Did Covid Crush Rental?
This morning I woke up to a piece in Business of Fashion titled Rental or Resale: Where should brands place their bets? It was well written with all valid points, but I felt compelled to share my opinion with Vikram, the articles author, on why I (obviously) believe the rental market is on the verge of getting hot. You can find Vikram's article here which is definitely worth reading.
Vikram, I enjoyed reading your piece on rental versus resale and fully appreciate the merits of nearly everything written. As the founder of Tulerie, a peer-to-peer clothing and accessory rental company, I follow both markets closely and recognize that my point of view isn’t coming directly from a fashion house perspective rather more from a consumer point of view.
I agree that resale provides a powerful gateway for first time luxury customers but I would suggest that rental does that even more so. To purchase a second hand Gucci dress from even the past four seasons, a secondhand shopper will be paying upwards of 70-90% of retail. Whereas the rental consumer can borrow that dress, while in season, for 10% of the retail price, thus allowing them to experience a greater variety of luxury brands.
You are right in saying that the secondary market supports the sale of new goods as the ultimate cost for the consumer being sticker price minus eventual resale, I have been shopping that way for years. However, our consumer goes a step further and views the ultimate cost as sticker price minus eventual resale minus potential rental income while she continues to enjoy the item. The Tulerie user understands that she can earn far more on current season items, thus puts them into the communal closet immediately upon purchase significantly increasing the chances of lowering that final ultimate cost and even possibly earning a return. This in turn makes these shared items even more valuable assets than second hand items. Further, those consumers who are purchasing second hand are often the ones who will be quickest to list their items into the rental pool. They are the consumer who wants to earn on their purchase.

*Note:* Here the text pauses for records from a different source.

lemma abs_mult_Im_Ln_bounds:
  fixes s :: complex and \<nu> :: real
  assumes "0 < Re s" "0 \<le> \<nu>" "\<nu> \<le> 1"
  shows "\<bar>\<nu> * Im (Ln s)\<bar> \<le> \<nu> * (pi / 2)" "\<bar>\<nu> * Im (Ln s)\<bar> < pi / 2"
proof -
  have Ln: "\<bar>Im (Ln s)\<bar> < pi / 2" using Re_Ln_pos_lt_imp assms(1) .
  then show "\<bar>\<nu> * Im (Ln s)\<bar> \<le> \<nu> * (pi / 2)"
    using assms mult_left_mono[of "\<bar>Im (Ln s)\<bar>" "pi / 2" \<nu>] by (simp add: abs_mult)
  have "\<nu> * \<bar>Im (Ln s)\<bar> \<le> \<bar>Im (Ln s)\<bar>"
    using assms by (simp add: mult_left_le_one_le)
  then show "\<bar>\<nu> * Im (Ln s)\<bar> < pi / 2" using Ln assms by (simp add: abs_mult)
qed

lemma cos_mult_norm_powr_le_Re_powr:
  fixes s :: complex and \<nu> :: real
  assumes "0 < Re s" "0 \<le> \<nu>" "\<nu> \<le> 1"
  shows "cos (\<nu> * pi / 2) * norm s powr \<nu> \<le> Re (s powr of_real \<nu>)"
proof -
  have "cos (\<nu> * pi / 2) \<le> cos \<bar>\<nu> * Im (Ln s)\<bar>"
    using abs_mult_Im_Ln_bounds[OF assms] assms by (intro cos_monotone_0_pi_le) auto
  moreover have "s \<noteq> 0" using assms by auto
  ultimately show ?thesis
    by (simp add: Re_powr_of_real mult.commute mult_left_mono)
qed

lemma Re_powr_pos:
  fixes s :: complex and \<nu> :: real
  assumes "0 < Re s" "0 \<le> \<nu>" "\<nu> \<le> 1"
  shows "0 < Re (s powr of_real \<nu>)"
proof -
  have "0 < cos \<bar>\<nu> * Im (Ln s)\<bar>"
    using abs_mult_Im_Ln_bounds[OF assms] by (intro cos_gt_zero_pi) auto
  moreover have "s \<noteq> 0" using assms by auto
  ultimately show ?thesis by (simp add: Re_powr_of_real)
qed

lemma powr_powr_right_half_plane:
  fixes s w :: complex and \<nu> :: real
  assumes "0 < Re s" "0 \<le> \<nu>" "\<nu> \<le> 1"
  shows "(s powr of_real \<nu>) powr w = s powr (of_real \<nu> * w)"
proof -
  have "\<bar>Im (of_real \<nu> * Ln s)\<bar> < pi / 2"
    using abs_mult_Im_Ln_bounds(2)[OF assms] by simp
  then have "Ln (s powr of_real \<nu>) = of_real \<nu> * Ln s"
    using assms by (auto simp: powr_def intro!: Ln_exp)
  then show ?thesis using assms by (auto simp: powr_def mult_ac)
qed

section \<open>Stretched exponential decay\<close>

lemma powr_div_le_exp:
  fixes x p :: real
  assumes "0 \<le> x" "0 < p"
  shows "(x / p) powr p \<le> exp x"
proof (cases "x = 0")
  case False
  then have "ln (x / p) \<le> x / p - 1" using assms by (intro ln_le_minus_one) auto
  then have "p * ln (x / p) \<le> x" using assms by (simp add: field_simps)
  then show ?thesis using assms False by (simp add: powr_def)
qed simp

lemma exp_neg_abs_powr_le:
  fixes k \<nu> y :: real
  assumes k: "0 < k" and \<nu>: "0 < \<nu>"
  shows "exp (- k * \<bar>y\<bar> powr \<nu>) \<le> (1 + (k * \<nu> / 2) powr (- 2 / \<nu>)) * inverse (1 + y\<^sup>2)"
proof -
  define C where "C = (k * \<nu> / 2) powr (- 2 / \<nu>)"
  have "(\<bar>y\<bar> powr \<nu>) powr (2 / \<nu>) = y\<^sup>2"
    using \<nu> by (simp add: powr_powr)
  moreover have "k * \<nu> / 2 * \<bar>y\<bar> powr \<nu> = k * \<bar>y\<bar> powr \<nu> / (2 / \<nu>)" by simp
  ultimately have "(k * \<nu> / 2) powr (2 / \<nu>) * y\<^sup>2 = (k * \<bar>y\<bar> powr \<nu> / (2 / \<nu>)) powr (2 / \<nu>)"
    by (metis powr_mult)
  also have "\<dots> \<le> exp (k * \<bar>y\<bar> powr \<nu>)" using k \<nu> by (intro powr_div_le_exp) auto
  finally have tail: "y\<^sup>2 * exp (- k * \<bar>y\<bar> powr \<nu>) \<le> C"
    using k \<nu> by (simp add: C_def powr_minus exp_minus field_simps)
  have "exp (- k * \<bar>y\<bar> powr \<nu>) \<le> 1" using k by simp
  from add_mono[OF this tail]
  have "(1 + y\<^sup>2) * exp (- k * \<bar>y\<bar> powr \<nu>) \<le> 1 + C" by (simp add: distrib_right)
  then show ?thesis by (simp add: C_def field_simps add_pos_nonneg)
qed

lemma integrable_exp_neg_abs_powr:
  fixes k \<nu> :: real
  assumes "0 < k" "0 < \<nu>"
  shows "integrable lborel (\<lambda>y. exp (- k * \<bar>y\<bar> powr \<nu>))"
proof (rule Bochner_Integration.integrable_bound)
  show "integrable lborel (\<lambda>y. (1 + (k * \<nu> / 2) powr (- 2 / \<nu>)) * inverse (1 + y\<^sup>2))"
    using integrable_inverse_1_plus_square by (simp add: set_integrable_def)
  show "AE y in lborel. norm (exp (- k * \<bar>y\<bar> powr \<nu>))
      \<le> norm ((1 + (k * \<nu> / 2) powr (- 2 / \<nu>)) * inverse (1 + y\<^sup>2))"
    using exp_neg_abs_powr_le[OF assms] by (intro AE_I2) (simp add: add_pos_nonneg)
qed simp

section \<open>Laplace transform of powers\<close>

lemma has_integral_nonneg_imp_set_integrable_lborel:
  fixes f :: "real \<Rightarrow> real"
  assumes f: "(f has_integral I) S" and nonneg: "\<And>x. x \<in> S \<Longrightarrow> 0 \<le> f x"
    and [measurable]: "S \<in> sets borel" "f \<in> borel_measurable borel"
  shows "set_integrable lborel S f" "(LINT x:S|lborel. f x) = I"
proof -
  have "f absolutely_integrable_on S"
    using f nonneg by (intro nonnegative_absolutely_integrable_1) (auto simp: has_integral_integrable)
  moreover have "(\<lambda>x. indicat_real S x *\<^sub>R f x) \<in> borel_measurable lborel" by measurable
  ultimately show int: "set_integrable lborel S f"
    unfolding set_integrable_def by (simp add: integrable_completion)
  show "(LINT x:S|lborel. f x) = I"
    using set_borel_integral_eq_integral(2)[OF int] f by (simp add: integral_unique)
qed

lemma set_integral_powr_mult_exp_neg:
  fixes x \<mu> :: real
  assumes x: "0 < x" and \<mu>: "-1 < \<mu>"
  shows "set_integrable lborel {0..} (\<lambda>v. v powr \<mu> * exp (- x * v))"
    and "(LINT v:{0..}|lborel. v powr \<mu> * exp (- x * v)) = Gamma (\<mu> + 1) / x powr (\<mu> + 1)"
proof -
  have "((\<lambda>t. t powr \<mu> / exp t) has_integral Gamma (\<mu> + 1)) {0..}"
    using Gamma_integral_real[of "\<mu> + 1"] \<mu> by simp
  then have G: "integrable lborel (\<lambda>t. indicat_real {0..} t *\<^sub>R (t powr \<mu> / exp t))"
    "(LBINT t. indicat_real {0..} t *\<^sub>R (t powr \<mu> / exp t)) = Gamma (\<mu> + 1)"
    using has_integral_nonneg_imp_set_integrable_lborel[of "\<lambda>t. t powr \<mu> / exp t"]
    by (auto simp: set_integrable_def set_lebesgue_integral_def)
  have stretch: "indicat_real {0..} (0 + x * v) *\<^sub>R ((0 + x * v) powr \<mu> / exp (0 + x * v))
      = x powr \<mu> * (indicat_real {0..} v *\<^sub>R (v powr \<mu> * exp (- x * v)))" for v
    using x by (auto simp: indicator_def powr_mult exp_minus field_simps zero_le_mult_iff)
  have "integrable lborel (\<lambda>v. x powr \<mu> * (indicat_real {0..} v *\<^sub>R (v powr \<mu> * exp (- x * v))))"
    using lborel_integrable_real_affine[OF G(1), of x 0] x by (simp only: stretch)
  then show "set_integrable lborel {0..} (\<lambda>v. v powr \<mu> * exp (- x * v))"
    using x by (simp add: set_integrable_def)
  have "Gamma (\<mu> + 1) = \<bar>x\<bar> *\<^sub>R
      (LBINT v. indicat_real {0..} (0 + x * v) *\<^sub>R ((0 + x * v) powr \<mu> / exp (0 + x * v)))"
    unfolding G(2)[symmetric] using x by (intro lborel_integral_real_affine) simp
  also have "\<dots> = x * x powr \<mu> * (LINT v:{0..}|lborel. v powr \<mu> * exp (- x * v))"
    unfolding stretch using x by (simp add: set_lebesgue_integral_def)
  finally show "(LINT v:{0..}|lborel. v powr \<mu> * exp (- x * v)) = Gamma (\<mu> + 1) / x powr (\<mu> + 1)"
    using x by (simp add: powr_mult_base field_simps)
qed

definition laplace_powr :: "real \<Rightarrow> complex \<Rightarrow> complex" where
  "laplace_powr \<mu> w = (LINT v:{0..}|lborel. of_real (v powr \<mu>) * exp (- w * of_real v))"

lemma set_integrable_of_real_powr_mult_exp:
  assumes "0 < Re w" "-1 < \<mu>" "S \<subseteq> {0..}" "S \<in> sets borel"
  shows "set_integrable lborel S (\<lambda>v. of_real (v powr \<mu>) * exp (- w * of_real v))"
proof (rule set_integrable_subset)
  show "set_integrable lborel {0..} (\<lambda>v. of_real (v powr \<mu>) * exp (- w * of_real v))"
    using set_integral_powr_mult_exp_neg(1)[OF assms(1,2)]
  proof (rule set_integrable_bound)
    show "set_borel_measurable lborel {0..} (\<lambda>v. of_real (v powr \<mu>) * exp (- w * of_real v))"
      unfolding set_borel_measurable_def by measurable
  qed (auto simp: norm_mult)
qed (use assms in auto)

lemma laplace_powr_of_real:
  assumes "0 < x" "-1 < \<mu>"
  shows "laplace_powr \<mu> (of_real x) = of_real (Gamma (\<mu> + 1)) * of_real x powr - of_real (\<mu> + 1)"
proof -
  have "laplace_powr \<mu> (of_real x) = of_real (LINT v:{0..}|lborel. v powr \<mu> * exp (- x * v))"
    unfolding laplace_powr_def set_integral_complex_of_real[symmetric]
    by (simp add: exp_of_real[symmetric])
  also have "\<dots> = of_real (Gamma (\<mu> + 1)) * of_real (x powr - (\<mu> + 1))"
    using set_integral_powr_mult_exp_neg(2)[OF assms] powr_minus_divide[of x "\<mu> + 1"] by simp
  also have "complex_of_real (x powr - (\<mu> + 1)) = of_real x powr - of_real (\<mu> + 1)"
    using assms(1) powr_of_real[of x "- (\<mu> + 1)"] by simp
  finally show ?thesis .
qed

lemma holomorphic_on_truncated_laplace_powr:
  assumes \<mu>: "-1 < \<mu>" and U: "convex U" "U \<subseteq> {w. 0 < Re w}"
  shows "(\<lambda>w. LINT v:{0..b}|lborel. of_real (v powr \<mu>) * exp (- w * of_real v)) holomorphic_on U"
proof -
  have int: "set_integrable lborel {0..b} (\<lambda>v. of_real (v powr \<mu>) * exp (- w * of_real v))"
    if "w \<in> U" for w
    using that U \<mu> by (intro set_integrable_of_real_powr_mult_exp) auto
  have "(\<lambda>w. integral (cbox 0 b) (\<lambda>v. of_real (v powr \<mu>) * exp (- w * of_real v))) holomorphic_on U"
  \<comment> \<open>The derivative uses \<open>v powr (\<mu> + 1)\<close> rather than \<open>v * v powr \<mu>\<close>: both are continuous at
    \<open>v = 0\<close>, but only the former visibly so when \<open>\<mu> \<le> 0\<close>.\<close>
  proof (rule leibniz_rule_holomorphic
      [where fx = "\<lambda>w v. - of_real (v powr (\<mu> + 1)) * exp (- w * of_real v)"])
    fix w and v :: real
    assume "v \<in> cbox 0 b"
    then have "v * v powr \<mu> = v powr (\<mu> + 1)" by (simp add: powr_mult_base add.commute)
    then show "((\<lambda>w. of_real (v powr \<mu>) * exp (- w * of_real v)) has_field_derivative
        - of_real (v powr (\<mu> + 1)) * exp (- w * of_real v)) (at w within U)"
      by (auto intro!: derivative_eq_intros simp flip: of_real_mult)
  next
    show "continuous_on (U \<times> cbox 0 b) (\<lambda>(w, v). - of_real (v powr (\<mu> + 1)) * exp (- w * of_real v))"
      using \<mu> by (auto simp: case_prod_beta intro!: continuous_intros continuous_on_powr')
  qed (use int set_borel_integral_eq_integral(1) U in auto)
  moreover have "integral (cbox 0 b) (\<lambda>v. of_real (v powr \<mu>) * exp (- w * of_real v))
      = (LINT v:{0..b}|lborel. of_real (v powr \<mu>) * exp (- w * of_real v))" if "w \<in> U" for w
    using set_borel_integral_eq_integral(2)[OF int[OF that]] by simp
  ultimately show ?thesis by (rule holomorphic_transform)
qed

I recognize that the clothing rental market is still a nascent industry but strongly believe that the potential is there, keeping in mind that resale used to be equally as small. Yes there have always been consignment stores, thrift shops and eBay played a roll, but it wasn’t until a financial crisis in 2008 that resale boomed and even then it took years for the stigma of resale to evaporate. We, at Tulerie, have seen a rapid increase in new renters and lenders requesting to join our rental community preparing for the end of this crisis. They have mentally committed to borrow more, buy better and buy more resale. Covid shed a new light on many consumers habits. They look at all of the clothes they bought preparing for summer of 2020 only to have them hang with tags still on and they finally recognize the wastefulness - both dollars and material - of always buying new.
We have also witnessed a tremendous rise in available items to rent during this last year of Covid. More consumers have come to see the value of renting AND reselling AND buying second hand. The rental and resale models are not silos. They can and do work in tandem. The brands benefit from greater accessibility and exposure. (Have any brands stopped to consider the potential revenue of lending past season clothes rather than burning them?) Consumers benefit from greater choice with less risk. And most importantly, our planet benefits each time an article of clothing is worn more than once.
So yes, you are correct when you say that the pandemic crushed the rental business, but I view it as only a minor setback. After listening to our community, I am confident that we are only scratching the surface and we continue to expect explosive growth. Once people are vaccinated, the cancelled events are rescheduled and leisure travel rebounds renting will soar. It will be reminiscent of the way resale soared after the economic crisis just over a decade ago.